“—la luna era
ahora un borrón de tiza—“. Colibrí. Severo Sarduy.
Cantan la guaracha honda y acontecida con sus
modulaciones de barro hueco, caña madre de manos pomairinas. Las esfinges
morenas, regordetas y sonrosadas aplauden desde la última fila a contracanto de
las rechiflas de los pomposos vagos de la primera. La pochito cosa silba desde
su invisibilidad de nieta consentida asombrando con sus hechicerías barrocas al
viejo que escribe estas notas para matar la tarde fría y algo brumosa que se
reparte detrás de la ventana vidriada y los barrotes de claustro medieval. Una
bandada de tordos urbanos picotea las migas frente al alto muro penitenciario. Por
la calle larga vienen y pasan luces amarillas a pesar del día, o siluetas
marchitas caminando con el rostro entristecido, una espiral de palomas
aterrorizadas se eleva huyendo del chimango que planea depredador y soberbio. Los
ombúes van despertando del invierno, anchos y desproporcionados, con sus ramas
lerdas como arbolitos de cuento para niños relatado por un aviador extraviado
para siempre en un mar mediterráneo. El denso lejos de un olivo sin pájaros
posibles se recorta hacia el oriente cordillerano con su silencio verde
quieto contra le brumosidad de la
atardecida.

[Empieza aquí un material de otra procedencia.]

text \<open>Let \<open>v\<close> minimise \<open>\<alpha>\<^sub>v\<^sup>2\<close>. Then \<open>D\<^sub>i\<^sub>v \<le> D\<^sub>i\<^sub>j\<close> for all \<open>i \<noteq> v\<close>, \<open>j \<noteq> i\<close>, so in every
  graph \<open>G\<^sub>t\<close> each non-isolated vertex is adjacent to \<open>v\<close>: apart from isolated points the
  clique complex is a cone with apex \<open>v\<close>. Coning off chains, \<open>z \<mapsto> v * z\<close>, satisfies
  \<open>\<partial>(v * z) = z\<close> for every cycle \<open>z\<close> of positive degree, so all higher homology vanishes.\<close>

definition orient_sign :: "nat \<Rightarrow> nat set \<Rightarrow> 'f::field" where
  "orient_sign w T = (-1) ^ card {x\<in>T. x < w}"

lemma orient_sign_square: "orient_sign w T * orient_sign w T = (1::'f::field)"
  by (simp add: orient_sign_def flip: power_mult_distrib)

lemma card_less_insert:
  assumes "finite A" "v \<notin> A"
  shows "card {x\<in>insert v A. x < w} = card {x\<in>A. x < (w::nat)} + (if v < w then 1 else 0)"
proof (cases "v < w")
  case True
  then have "{x\<in>insert v A. x < w} = insert v {x\<in>A. x < w}" by auto
  then show ?thesis using assms True by simp
next
  case False
  then have "{x\<in>insert v A. x < w} = {x\<in>A. x < w}" by auto
  then show ?thesis using False by simp
qed

lemma orient_sign_insert_swap:
  assumes "finite A" "v \<notin> A" "w \<notin> A" "v \<noteq> w"
  shows "orient_sign w (insert v A) * orient_sign v (insert w A)
       = - (orient_sign w A * orient_sign v A :: 'f::field)"
  using assms card_less_insert[of A v w] card_less_insert[of A w v]
  by (cases "v < w") (auto simp: orient_sign_def power_add)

Allá por el frente arde un fuego de largas llamas verticales, de
leña inadvertida o quizá carbón de espino, en presagio de una noche de carne
asada y secreta cumbiamba. Los estragos del azogue condensan la humedad que
entra por las rendijas, el vaho de las respiraciones, y el perfume agonizante
de las mustias flores atrapadas en un florero de cristal. El espacio se va
enturbiando como la anochecida ciega de afuera que recorre las calles a ras de
suelo entre las patas de los perros. Alguien se asoma furtivamente por la
ventana, alguien susurra una lastimosa plegaria, alguien abre una puerta e
irrumpe desapareciendo en la grietas del piso, su presencia momentánea solo la
percibe la llama de una vela que parpadea en medio del aire quieto del cuarto. Sobre
la mesa sin mantel hay un cenicero y una carta sin abrir, dos monedas de cobre
y un pequeño puñal de plata labrada. Como si se viniera acercando se escucha el
son atravesado de la guaracha y las voces chillonas de los bailantes, la música
es alegrona pero la letra desengaña, un sabor de aguardiente de caña y tabaco
despierta las flores marchitas como avisadas de primavera. No alcanza a irse aquel
bullicio jaranero por debajo del silencio cuando ya retumba en la esquina
opuesta la sonajera de las tamboras y del güiro de la cumbiamba, una alegría
tintineante entra por las rendijas con sus destellos de coloridas polleras y
sombreros de paja. Pero también el contento pasa disolviéndose en una calma sin
ecos y alguien se queda silbando los últimos compases cumbianceros. Arriba ya
es la noche, y la luna era ahora un
borrón de tiza.
Relato colorido ,pero algo añorante y triste....Bello.